Q: Who will be the users of the system?
- A: Users will be around the world.
Q: How are they going to use it?
- A: Users will use various kinds of devices to visit our service.
Q: Is there any external dependencies? What are the upstream and downstream system?
- A: The system will leverage existing authentication system.

Once I get answers for above questions, I'd confirm with the interviewer that I'll design a video platform that enables users to watch and upload videos. Authentication is out of the scope of this problem.

Based on information that I gathered so far, I come up with a bunch of functional and non-functional requirements below and confirm with interviewer.

Functional requirements

Users can watch videos on the platform
Users can upload their own videos

Non-functional requirements

The platform should be highly available
The response time for users in different regions should be at the same level
The platform should scale while userbase is increasing

Estimation

The goal of this step is to come up with estimated numbers of how scalable our system should be.

We have two types of requests, read and write. Write request(upload videos) will take much longer time and is ususally much less than read requests (recall how often you watch videos on Youtue and the times you upload videos).

So, let's focus on read request firstly. As an easy start, assume our service receives and completes 1000 request per second (RPS). I use request to reflect common server requirements rather than functionality specific requirements eg. Tweets, Views ... because it's business independent. Functionality specific requirements will be eventually mapped to server requirements anyway.

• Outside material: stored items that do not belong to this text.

definition gamma_path :: "nat \<Rightarrow> (nat \<Rightarrow> nat) \<Rightarrow> word set list \<Rightarrow> bool" where
  "gamma_path n w Cs \<longleftrightarrow> Cs \<noteq> [] \<and> set Cs \<subseteq> clouds n w \<and>
     (\<forall>k. Suc k < length Cs \<longrightarrow> gamma_edge n w (Cs ! k) (Cs ! Suc k))"

definition rep :: "word set \<Rightarrow> word" where
  "rep C = (THE u. u \<in> C \<and> (\<forall>v\<in>C. v \<noteq> u \<longrightarrow> (u, v) \<in> lexord {(a, b). a < b}))"

definition rep_edges :: "nat \<Rightarrow> (nat \<Rightarrow> nat) \<Rightarrow> (word set \<Rightarrow> word set \<Rightarrow> word set) \<Rightarrow> bool" where
  "rep_edges n w E \<longleftrightarrow> (\<forall>C D. gamma_edge n w C D \<longrightarrow>
      E C D = E D C \<and> (\<exists>u v. u \<in> C \<and> v \<in> D \<and> adjacent_edge n w u v \<and> E C D = {u, v}))"

definition lift :: "nat \<Rightarrow> (nat \<Rightarrow> nat) \<Rightarrow> (word set \<Rightarrow> word set \<Rightarrow> word set) \<Rightarrow>
    word set list \<Rightarrow> word list \<Rightarrow> bool" where
  "lift n w E Cs ps \<longleftrightarrow> rex_path n w ps \<and> hd ps = rep (hd Cs) \<and> last ps = rep (last Cs) \<and>
     map (\<lambda>(a, b). {a, b}) (filter (\<lambda>(a, b). adjacent_edge n w a b) (zip ps (tl ps)))
       = map (\<lambda>(C, D). E C D) (zip Cs (tl Cs))"

text \<open>Polynomials over the reals are modelled by polynomial functions (faithful since the
  reals are infinite). Variable (j, a) is the variable x_a in the j-th tensor factor.\<close>

type_synonym pt = "nat \<times> nat \<Rightarrow> real"
type_synonym pf = "pt \<Rightarrow> real"

inductive_set polys :: "(nat \<times> nat) set \<Rightarrow> pf set" for V where
  pconst: "(\<lambda>_. c) \<in> polys V"
| pvar: "v \<in> V \<Longrightarrow> (\<lambda>x. x v) \<in> polys V"
| padd: "p \<in> polys V \<Longrightarrow> q \<in> polys V \<Longrightarrow> (\<lambda>x. p x + q x) \<in> polys V"
| pmul: "p \<in> polys V \<Longrightarrow> q \<in> polys V \<Longrightarrow> (\<lambda>x. p x * q x) \<in> polys V"

definition slots :: "nat \<Rightarrow> nat \<Rightarrow> (nat \<times> nat) set" where
  "slots n k = {(j, a). j \<le> k \<and> 1 \<le> a \<and> a \<le> n}"

text \<open>the polynomial ring R = real[x_1..x_n], as polynomials in the factor-0 variables\<close>
definition Rpoly :: "nat \<Rightarrow> pf set" where
  "Rpoly n = polys (slots n 0)"

text \<open>R tensor ... tensor R (k+1 factors) over the reals\<close>
definition Apoly :: "nat \<Rightarrow> nat \<Rightarrow> pf set" where
  "Apoly n k = polys (slots n k)"

definition place :: "nat \<Rightarrow> pf \<Rightarrow> pf" where
  "place j g = (\<lambda>x. g (\<lambda>(i, a). x (j, a)))"

definition shiftp :: "nat \<Rightarrow> pf \<Rightarrow> pf" where
  "shiftp s p = (\<lambda>x. p (\<lambda>(j, a). x (j + s, a)))"

definition sact :: "nat \<Rightarrow> pf \<Rightarrow> pf" where
  "sact i g = (\<lambda>x. g (\<lambda>(j, a). x (j, sref i a)))"

inductive_set gen_ideal :: "(nat \<times> nat) set \<Rightarrow> pf set \<Rightarrow> pf set" for V G where
  igen: "g \<in> G \<Longrightarrow> g \<in> gen_ideal V G"
| izero: "(\<lambda>_. 0) \<in> gen_ideal V G"
| iadd: "p \<in> gen_ideal V G \<Longrightarrow> q \<in> gen_ideal V G \<Longrightarrow> (\<lambda>x. p x + q x) \<in> gen_ideal V G"
| imul: "r \<in> polys V \<Longrightarrow> p \<in> gen_ideal V G \<Longrightarrow> (\<lambda>x. r x * p x) \<in> gen_ideal V G"

text \<open>B_u = R tensor_{R^{s_{u_1}}} R tensor ... tensor_{R^{s_{u_k}}} R is Apoly n k modulo
  the ideal generated by g(factor j-1) - g(factor j), g invariant under s_{u_j}\<close>
definition BSideal :: "nat \<Rightarrow> word \<Rightarrow> pf set" where
  "BSideal n u = gen_ideal (slots n (length u))
     {(\<lambda>x. place (j - 1) g x - place j g x) | j g.
        1 \<le> j \<and> j \<le> length u \<and> g \<in> Rpoly n \<and> sact (u ! (j - 1)) g = g}"

text \<open>equality in B_u of the classes of p and q\<close>
definition modeq :: "nat \<Rightarrow> word \<Rightarrow> pf \<Rightarrow> pf \<Rightarrow> bool" where
  "modeq n u p q \<longleftrightarrow> (\<lambda>x. p x - q x) \<in> BSideal n u"

definition homog :: "nat \<Rightarrow> pf \<Rightarrow> bool" where
  "homog d p \<longleftrightarrow> (\<forall>t x. p (\<lambda>v. t * x v) = t ^ d * p x)"

text \<open>F (acting on representatives) induces an R-bimodule morphism B_u \<rightarrow> B_v\<close>
definition bimor :: "nat \<Rightarrow> word \<Rightarrow> word \<Rightarrow> (pf \<Rightarrow> pf) \<Rightarrow> bool" where
  "bimor n u v F \<longleftrightarrow>
     (\<forall>p\<in>Apoly n (length u). F p \<in> Apoly n (length v)) \<and>
     (\<forall>p\<in>Apoly n (length u). \<forall>q\<in>Apoly n (length u). modeq n u p q \<longrightarrow> modeq n v (F p) (F q)) \<and>
     (\<forall>p\<in>Apoly n (length u). \<forall>q\<in>Apoly n (length u).
         modeq n v (F (\<lambda>x. p x + q x)) (\<lambda>x. F p x + F q x)) \<and>
     (\<forall>g\<in>Rpoly n. \<forall>p\<in>Apoly n (length u).
         modeq n v (F (\<lambda>x. place 0 g x * p x)) (\<lambda>x. place 0 g x * F p x)) \<and>
     (\<forall>g\<in>Rpoly n. \<forall>p\<in>Apoly n (length u).
         modeq n v (F (\<lambda>x. place (length u) g x * p x)) (\<lambda>x. place (length v) g x * F p x))"

text \<open>degree 0 (for words of equal length, where the grading shifts agree):
  homogeneous elements of degree d are sent to homogeneous elements of degree d\<close>
definition deg0 :: "nat \<Rightarrow> word \<Rightarrow> word \<Rightarrow> (pf \<Rightarrow> pf) \<Rightarrow> bool" where
  "deg0 n u v F \<longleftrightarrow> (\<forall>d. \<forall>p\<in>Apoly n (length u). homog d p \<longrightarrow>
      (\<exists>q\<in>Apoly n (length v). homog d q \<and> modeq n v (F p) q))"

text \<open>f is (a representative of) the morphism f_{ij}: B_i B_j B_i ... \<rightarrow> B_j B_i B_j ...,
  the degree-0 bimodule morphism sending 1 \<otimes> ... \<otimes> 1 to 1 \<otimes> ... \<otimes> 1\<close>
definition is_fij :: "nat \<Rightarrow> nat \<Rightarrow> nat \<Rightarrow> (pf \<Rightarrow> pf) \<Rightarrow> bool" where
  "is_fij n i j f \<longleftrightarrow>
     (let u = bword i j (mord i j); v = bword j i (mord i j) in
        bimor n u v f \<and> deg0 n u v f \<and> modeq n v (f (\<lambda>_. 1)) (\<lambda>_. 1))"

text \<open>F is (a representative of) Id \<otimes> f_{ij} \<otimes> Id : B_u \<rightarrow> B_v where
  u = a @ (i j i ...) @ b and v = a @ (j i j ...) @ b: a bimodule morphism which is linear
  over the outer tensor factors (those of B_a and B_b) and agrees with f_{ij} on the
  middle tensor factors.\<close>
definition edge_mor :: "nat \<Rightarrow> word \<Rightarrow> word \<Rightarrow> (pf \<Rightarrow> pf) \<Rightarrow> bool" where
  "edge_mor n u v F \<longleftrightarrow> (\<exists>a b i j. i \<noteq> j \<and>
     u = a @ bword i j (mord i j) @ b \<and> v = a @ bword j i (mord i j) @ b \<and>
     bimor n u v F \<and>
     (\<forall>g\<in>polys {(s, c) \<in> slots n (length u). s \<le> length a \<or> length a + mord i j \<le> s}.
        \<forall>p\<in>Apoly n (length u). modeq n v (F (\<lambda>x. g x * p x)) (\<lambda>x. g x * F p x)) \<and>
     (\<exists>f. is_fij n i j f \<and>
        (\<forall>p\<in>Apoly n (mord i j). modeq n v (F (shiftp (length a) p)) (shiftp (length a) (f p)))))"

fun path_mor :: "(word \<Rightarrow> word \<Rightarrow> (pf \<Rightarrow> pf)) \<Rightarrow> word list \<Rightarrow> (pf \<Rightarrow> pf)" where
  "path_mor Fm [] = id"
| "path_mor Fm [u] = id"
| "path_mor Fm (u # v # ps) = path_mor Fm (v # ps) \<circ> Fm u v"

end

theory Submission
  imports Defs
begin

(* A distant move B_i B_j -> B_j B_i (|i - j| >= 2) fixes 1 and is linear over the outer
   tensor factors, so on a representative it moves each variable x_c of the middle factor
   across whichever of s_i, s_j fixes it. Hence every composite of distant moves from u to v
   is a substitution morphism: it moves each variable x_c to a tensor factor preceded by as
   many letters not fixing x_c as before. As x_c slides across every tensor sign of a B_i
   fixing it, all such substitutions agree in B_v, so composites of distant moves are
   canonical. Two lifts of a path in Gamma_w differ only by distant moves inside clouds and
   traverse the same representative edges in the same order; the multiset of letters,
   preserved by distant moves and changed by adjacent ones, shows that they cross each such
   edge in the same direction, and induction along the path finishes the proof. *)

section \<open>Moving variables between tensor factors\<close>

text \<open>\<open>\<lambda>x. q (reslot \<tau> x)\<close> is \<open>q\<close> with the variable \<open>x\<^sub>c\<close> of tensor factor \<open>s\<close>
  replaced by the variable \<open>x\<^sub>c\<close> of tensor factor \<open>\<tau> (s, c)\<close>.\<close>
definition reslot :: "(nat \<times> nat \<Rightarrow> nat) \<Rightarrow> pt \<Rightarrow> pt" where
  "reslot \<tau> x = (\<lambda>v. x (\<tau> v, snd v))"

lemma polys_reslot:
  assumes "q \<in> polys V" and "\<And>v. v \<in> V \<Longrightarrow> (\<tau> v, snd v) \<in> W"
  shows "(\<lambda>x. q (reslot \<tau> x)) \<in> polys W"
  using assms
proof (induction rule: polys.induct)
  case (pvar v)
  then show ?case by (simp add: reslot_def polys.pvar)
qed (auto intro: polys.intros)

lemma polys_mono: "q \<in> polys V \<Longrightarrow> V \<subseteq> W \<Longrightarrow> q \<in> polys W"
  by (induction rule: polys.induct) (auto intro: polys.intros)

lemma modeq_refl: "modeq n z p p"
  unfolding modeq_def BSideal_def using gen_ideal.izero by simp

lemma modeq_sym:
  assumes "modeq n z p q" shows "modeq n z q p"
proof -
  have "(\<lambda>x. - 1 * (p x - q x)) \<in> BSideal n z"
    using assms gen_ideal.imul[OF polys.pconst] unfolding modeq_def BSideal_def by blast
  then show ?thesis unfolding modeq_def by simp
qed

lemma modeq_trans: "modeq n z p q \<Longrightarrow> modeq n z q r \<Longrightarrow> modeq n z p r"
  unfolding modeq_def BSideal_def by (drule (1) gen_ideal.iadd) simp

lemma modeq_add:
  "modeq n z p p' \<Longrightarrow> modeq n z q q' \<Longrightarrow> modeq n z (\<lambda>x. p x + q x) (\<lambda>x. p' x + q' x)"
  unfolding modeq_def BSideal_def by (drule (1) gen_ideal.iadd) (simp add: algebra_simps)

lemma modeq_mult_left:
  "r \<in> polys (slots n (length z)) \<Longrightarrow> modeq n z p q \<Longrightarrow>
     modeq n z (\<lambda>x. r x * p x) (\<lambda>x. r x * q x)"
  unfolding modeq_def BSideal_def by (drule (1) gen_ideal.imul) (simp add: right_diff_distrib)

lemma modeq_mult:
  assumes "modeq n z p p'" "modeq n z q q'"
    and "p \<in> polys (slots n (length z))" "q' \<in> polys (slots n (length z))"
  shows "modeq n z (\<lambda>x. p x * q x) (\<lambda>x. p' x * q' x)"
proof -
  have "modeq n z (\<lambda>x. p x * q x) (\<lambda>x. p x * q' x)"
    using modeq_mult_left[OF assms(3,2)] .
  moreover have "modeq n z (\<lambda>x. q' x * p x) (\<lambda>x. q' x * p' x)"
    using modeq_mult_left[OF assms(4,1)] .
  ultimately show ?thesis by (simp add: modeq_trans mult.commute)
qed

definition moving_count :: "word \<Rightarrow> nat \<Rightarrow> nat \<Rightarrow> nat" where
  "moving_count z t c = length (filter (\<lambda>i. i = c \<or> Suc i = c) (take t z))"

lemma moving_count_Suc:
  "t < length z \<Longrightarrow>
     moving_count z (Suc t) c = moving_count z t c + (if z ! t = c \<or> Suc (z ! t) = c then 1 else 0)"
  by (simp add: moving_count_def take_Suc_conv_app_nth)

lemma moving_count_mono: "t \<le> t' \<Longrightarrow> moving_count z t c \<le> moving_count z t' c"
  by (auto simp: moving_count_def le_iff_add take_add)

For one day, we'll have 1000 * 24 * 60 * 60 ~= 1000 * 30 * 3000 = 90 million = 90 M requests
For one year, we'll hvae 90M * 12 * 30 = 90 M * 360 ~= 100 M * 300 = 30 billion = 30 B requests
For five years, we'll have 30B * 5 = 150 billion = 150 B requests in total.

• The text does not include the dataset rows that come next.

lemma TZ_ideal_vimage:
  assumes I: "TZ_ideal I"
    and fa_L: "\<And>f. f \<in> fa \<Longrightarrow> L f \<in> fa"
    and L_zero: "L (\<lambda>w. 0) = (\<lambda>w. 0)"
    and L_padd: "\<And>f g. L (padd f g) = padd (L f) (L g)"
    and L_pmult: "\<And>f g. L (pmult f g) = pmult (L f) (L g)"
    and L_subst: "\<And>\<sigma> f. graded_endo \<sigma> \<Longrightarrow> f \<in> fa \<Longrightarrow>
                    \<exists>\<tau>. graded_endo \<tau> \<and> L (subst \<sigma> f) = subst \<tau> (L f)"
  shows "TZ_ideal {f \<in> fa. L f \<in> I}"
  unfolding TZ_ideal_def is_ideal_def
proof (intro conjI ballI allI impI)
  show "{f \<in> fa. L f \<in> I} \<subseteq> fa" "(\<lambda>w. 0) \<in> {f \<in> fa. L f \<in> I}"
    by (auto simp: L_zero fa_zero TZ_ideal_zero[OF I])
  fix f
  assume f: "f \<in> {f \<in> fa. L f \<in> I}"
  show "padd f g \<in> {f \<in> fa. L f \<in> I}" if "g \<in> {f \<in> fa. L f \<in> I}" for g
    using f that by (simp add: L_padd fa_padd TZ_ideal_padd[OF I])
  show "pmult h f \<in> {f \<in> fa. L f \<in> I}" "pmult f h \<in> {f \<in> fa. L f \<in> I}" if "h \<in> fa" for h
    using f that
    by (simp_all add: L_pmult fa_pmult fa_L TZ_ideal_pmult_left[OF I] TZ_ideal_pmult_right[OF I])
  show "subst \<sigma> f \<in> {f \<in> fa. L f \<in> I}" if \<sigma>: "graded_endo \<sigma>" for \<sigma>
  proof -
    obtain \<tau> where "graded_endo \<tau>" "L (subst \<sigma> f) = subst \<tau> (L f)"
      using L_subst[OF \<sigma>] f by blast
    then show ?thesis
      using f by (simp add: fa_subst graded_endo_fa[OF \<sigma>] TZ_ideal_subst[OF I])
  qed
qed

The next assumption I'm going to make is the response time. Assume our response time SLA is 200ms.

Then I need to have 1000 / (1s / 200ms) = 200 threads in total to handle 1000 RPS. So, the next question will be how many servers do I need to have 200 threads. One simple formula for estimating ideal Java thread pool size is

Number of threads = Number of Available Cores * Target CPU utilization * (1 + Wait time / Service time)

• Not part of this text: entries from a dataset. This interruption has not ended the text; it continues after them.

lemma has_real_derivative_increment_ge:
  fixes f f' :: "real \<Rightarrow> real"
  assumes "a \<le> b" "{a..b} \<subseteq> S"
    and "\<And>t. a \<le> t \<Longrightarrow> t \<le> b \<Longrightarrow> (f has_real_derivative f' t) (at t within S)"
    and "\<And>t. a \<le> t \<Longrightarrow> t \<le> b \<Longrightarrow> c \<le> f' t"
  shows "c * (b - a) \<le> f b - f a"
proof -
  have "\<exists>t\<in>{a..b}. f b - f a = f' t * (b - a)"
  proof (rule mvt_very_simple[OF assms(1)])
    fix t assume "a \<le> t" "t \<le> b"
    then show "(f has_derivative (*) (f' t)) (at t within {a..b})"
      using assms(2,3) has_field_derivative_subset unfolding has_field_derivative_def by blast
  qed
  then obtain t where "a \<le> t" "t \<le> b" "f b - f a = f' t * (b - a)" by auto
  then show ?thesis using assms(1,4) by (simp add: mult_right_mono)
qed

lemma has_real_derivative_increment_le:
  fixes f f' :: "real \<Rightarrow> real"
  assumes "a \<le> b" "{a..b} \<subseteq> S"
    and "\<And>t. a \<le> t \<Longrightarrow> t \<le> b \<Longrightarrow> (f has_real_derivative f' t) (at t within S)"
    and "\<And>t. a \<le> t \<Longrightarrow> t \<le> b \<Longrightarrow> f' t \<le> c"
  shows "f b - f a \<le> c * (b - a)"
proof -
  have "- c * (b - a) \<le> - f b - - f a"
    by (rule has_real_derivative_increment_ge[OF assms(1,2)]) (use assms(3,4) in \<open>auto intro: DERIV_minus\<close>)
  then show ?thesis by simp
qed

context
  fixes K K' E E' :: "real \<Rightarrow> real" and L c B :: real
  assumes K': "\<And>t. 0 \<le> t \<Longrightarrow> (K has_real_derivative K' t) (at t within {0..})"
    and K'_bound: "\<And>t. 0 \<le> t \<Longrightarrow> \<bar>K' t\<bar> \<le> L"
    and K_nonneg: "\<And>t. 0 \<le> t \<Longrightarrow> 0 \<le> K t"
    and E': "\<And>t. 0 \<le> t \<Longrightarrow> (E has_real_derivative E' t) (at t within {0..})"
    and dissipation: "\<And>t. 0 \<le> t \<Longrightarrow> E' t \<le> - c * K t" and "c > 0"
    and E_bound: "\<And>t. 0 \<le> t \<Longrightarrow> B \<le> E t"
begin

lemma dissipated_antimono:
  assumes "0 \<le> s" "s \<le> t" shows "E t \<le> E s"
proof -
  have "E' r \<le> 0" if "0 \<le> r" for r
    using dissipation[OF that] mult_nonneg_nonneg[OF less_imp_le[OF \<open>c > 0\<close>] K_nonneg[OF that]]
    by linarith
  then have "E t - E s \<le> 0 * (t - s)"
    using assms by (intro has_real_derivative_increment_le[OF assms(2) _ E']) auto
  then show ?thesis by simp
qed

lemma dissipated_drop:
  assumes "0 \<le> t" "0 < \<sigma>" "\<sigma> \<le> K t"
  defines "h \<equiv> \<sigma> / (2 * (L + 1))"
  shows "E (t + h) - E t \<le> - c * (\<sigma> / 2) * h"
proof -
  have K'_lower: "- L \<le> K' s" if "0 \<le> s" for s
    using K'_bound[OF that] by (simp add: abs_le_iff)
  have "0 \<le> L" using K'_bound[of 0] by simp
  have "h > 0" using assms(2) \<open>0 \<le> L\<close> by (simp add: h_def)
  \<comment> \<open>the bounded rate keeps \<open>K \<ge> \<sigma>/2\<close> for a time \<open>h\<close>\<close>
  have K_large: "\<sigma> / 2 \<le> K s" if "t \<le> s" "s \<le> t + h" for s
  proof -
    have "(- L) * (s - t) \<le> K s - K t"
      using assms(1) K'_lower by (intro has_real_derivative_increment_ge[OF that(1) _ K']) auto
    moreover have "L * (s - t) \<le> L * h" using that \<open>0 \<le> L\<close> by (intro mult_left_mono) auto
    moreover have "L * h \<le> \<sigma> / 2" using assms(2) \<open>0 \<le> L\<close> by (simp add: h_def field_simps)
    ultimately show ?thesis using assms(3) by linarith
  qed
  have "E (t + h) - E t \<le> (- c * (\<sigma> / 2)) * (t + h - t)"
  proof (rule has_real_derivative_increment_le[OF _ _ E'])
    fix s assume "t \<le> s" "s \<le> t + h"
    then show "E' s \<le> - c * (\<sigma> / 2)"
      using dissipation[of s] K_large[of s] assms(1) \<open>c > 0\<close> by (auto intro: order.trans)
  qed (use assms(1) \<open>h > 0\<close> in auto)
  then show ?thesis by simp
qed

text \<open>A form of Barbalat's lemma.\<close>
lemma tendsto_0_if_dissipated: "(K \<longlongrightarrow> 0) at_top"
proof (rule order_tendstoI)
  fix \<sigma> :: real assume "0 < \<sigma>"
  define h where "h = \<sigma> / (2 * (L + 1))"
  have "0 \<le> L" using K'_bound[of 0] by simp
  then have "h > 0" using \<open>0 < \<sigma>\<close> by (simp add: h_def)
  define Einf where "Einf = Inf (E ` {0..})"
  have Einf: "Einf \<le> E t" if "0 \<le> t" for t
    unfolding Einf_def using that E_bound by (intro cInf_lower bdd_belowI2) auto
  obtain T where T: "0 \<le> T" "E T < Einf + c * (\<sigma> / 2) * h"
  proof -
    have "\<exists>y\<in>E ` {0..}. y < Einf + c * (\<sigma> / 2) * h"
      using \<open>0 < \<sigma>\<close> \<open>h > 0\<close> \<open>c > 0\<close> by (intro cInf_lessD) (auto simp: Einf_def)
    then show ?thesis using that by auto
  qed
  \<comment> \<open>after \<open>T\<close>, the energy has less than one drop left to lose\<close>
  have "K t < \<sigma>" if "T \<le> t" for t
  proof (rule ccontr)
    assume "\<not> K t < \<sigma>"
    then have "E (t + h) - E t \<le> - c * (\<sigma> / 2) * h"
      using dissipated_drop[of t \<sigma>] T(1) that \<open>0 < \<sigma>\<close> by (simp add: h_def)
    moreover have "Einf \<le> E (t + h)" using Einf T(1) that \<open>h > 0\<close> by simp
    moreover have "E t \<le> E T" using dissipated_antimono T(1) that by blast
    ultimately show False using T(2) by simp
  qed
  then show "\<forall>\<^sub>F t in at_top. K t < \<sigma>" unfolding eventually_at_top_linorder by blast
next
  fix \<sigma> :: real assume "\<sigma> < 0"
  then show "\<forall>\<^sub>F t in at_top. \<sigma> < K t"
    unfolding eventually_at_top_linorder using K_nonneg by (auto intro: less_le_trans)
qed

end

definition omega_limit_point :: "(real \<Rightarrow> 'a::metric_space) \<Rightarrow> 'a \<Rightarrow> bool" where
  "omega_limit_point x l \<longleftrightarrow> (\<forall>e>0. \<forall>T. \<exists>t\<ge>T. dist (x t) l < e)"

lemma omega_limit_point_in_compact:
  fixes x :: "real \<Rightarrow> 'a::metric_space"
  assumes "compact K" "\<And>t. 0 \<le> t \<Longrightarrow> x t \<in> K" "\<not> (x \<longlongrightarrow> c) at_top"
  obtains l where "l \<in> K" "l \<noteq> c" "omega_limit_point x l"
proof -
  obtain e where "e > 0" and far: "\<And>T. \<exists>t\<ge>T. e \<le> dist (x t) c"
    using assms(3) unfolding tendsto_iff eventually_at_top_linorder by (meson not_le)
  define s where "s n = (SOME t. real n \<le> t \<and> e \<le> dist (x t) c)" for n :: nat
  have s: "real n \<le> s n" "e \<le> dist (x (s n)) c" for n
    using someI_ex[OF far[of "real n"]] unfolding s_def by auto
  have "\<forall>n. x (s n) \<in> K"
    using s(1) by (auto intro: assms(2) order.trans[OF of_nat_0_le_iff])
  then obtain l r where "l \<in> K" "strict_mono r" and "((\<lambda>n. x (s n)) \<circ> r) \<longlonglongrightarrow> l"
    by (rule seq_compactE[OF compact_imp_seq_compact[OF assms(1)]])
  then have lim: "(\<lambda>n. x (s (r n))) \<longlonglongrightarrow> l" by (simp add: o_def)
  have far_l: "e \<le> dist l c"
    by (rule LIMSEQ_le_const[OF tendsto_dist[OF lim tendsto_const]]) (use s(2) in auto)
  have "omega_limit_point x l"
    unfolding omega_limit_point_def
  proof (intro allI impI)
    fix \<beta> :: real and T :: real assume "\<beta> > 0"
    then obtain N where N: "\<And>n. N \<le> n \<Longrightarrow> dist (x (s (r n))) l < \<beta>"
      using lim unfolding tendsto_iff eventually_sequentially by blast
    define n where "n = max N (nat \<lceil>T\<rceil>)"
    have "T \<le> real (nat \<lceil>T\<rceil>)" by (rule real_nat_ceiling_ge)
    also have "\<dots> \<le> real (r n)"
      using seq_suble[OF \<open>strict_mono r\<close>, of n] by (simp add: n_def)
    also have "\<dots> \<le> s (r n)" by (rule s(1))
    finally have "T \<le> s (r n)" .
    then show "\<exists>t\<ge>T. dist (x t) l < \<beta>" using N[of n] by (auto simp: n_def)
  qed
  moreover have "l \<noteq> c" using far_l \<open>e > 0\<close> by auto
  ultimately show ?thesis using that \<open>l \<in> K\<close> by blast
qed

section \<open>Payoffs and the simplex\<close>

lemma
  shows payoff_add_left: "payoff U (x + y) z = payoff U x z + payoff U y z"
    and payoff_diff_left: "payoff U (x - y) z = payoff U x z - payoff U y z"
    and payoff_scaleR_left: "payoff U (r *\<^sub>R x) z = r * payoff U x z"
    and payoff_add_right: "payoff U x (y + z) = payoff U x y + payoff U x z"
    and payoff_diff_right: "payoff U x (y - z) = payoff U x y - payoff U x z"
    and payoff_scaleR_right: "payoff U x (r *\<^sub>R y) = r * payoff U x y"
  by (simp_all add: payoff_def inner_add_left inner_diff_left inner_add_right inner_diff_right
      matrix_vector_right_distrib matrix_vector_mult_diff_distrib matrix_vector_mult_scaleR)

lemma payoff_vfield: "payoff U y z = (\<Sum>a\<in>UNIV. y $ a * vfield U z a)"
  by (simp add: payoff_def inner_vec_def vfield_def)

lemma payoff_sym:
  assumes "transpose U = U"
  shows "payoff U p q = payoff U q p"
  by (metis assms dot_lmul_matrix inner_commute payoff_def transpose_matrix_vector)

Waiting time - is the time spent waiting for IO bound tasks to complete, say waiting for HTTP response from remote service.
Service time - is the time spent being busy, say processing the HTTP response, marshaling/unmarshaling, etc.

Because our video sharing web service is not computing-intensive application(though it can be, considering video encoding, compression), I assume the Wait time / Service time ratio will be relatively large, say 50. And also assume our server has 2 CPU cores running at 50% utilization.

Then, each of this kind of server can support 2 * 0.5 * (1 + 50) ~= 50 threads and since we need to have 200 threads to handle 1000 RPS, so we need 200 / 50 = 4 servers to handle 1000 RPS.

Let's switch to write requests (upload video). Assume the read / write or say watch / upload ratio is 100. So, we're expecting 1000 / 100 = 10 write requests per second. Please note that the uploading time varies because the video size and network speed play important roles here. So, the estimate is even more subjective.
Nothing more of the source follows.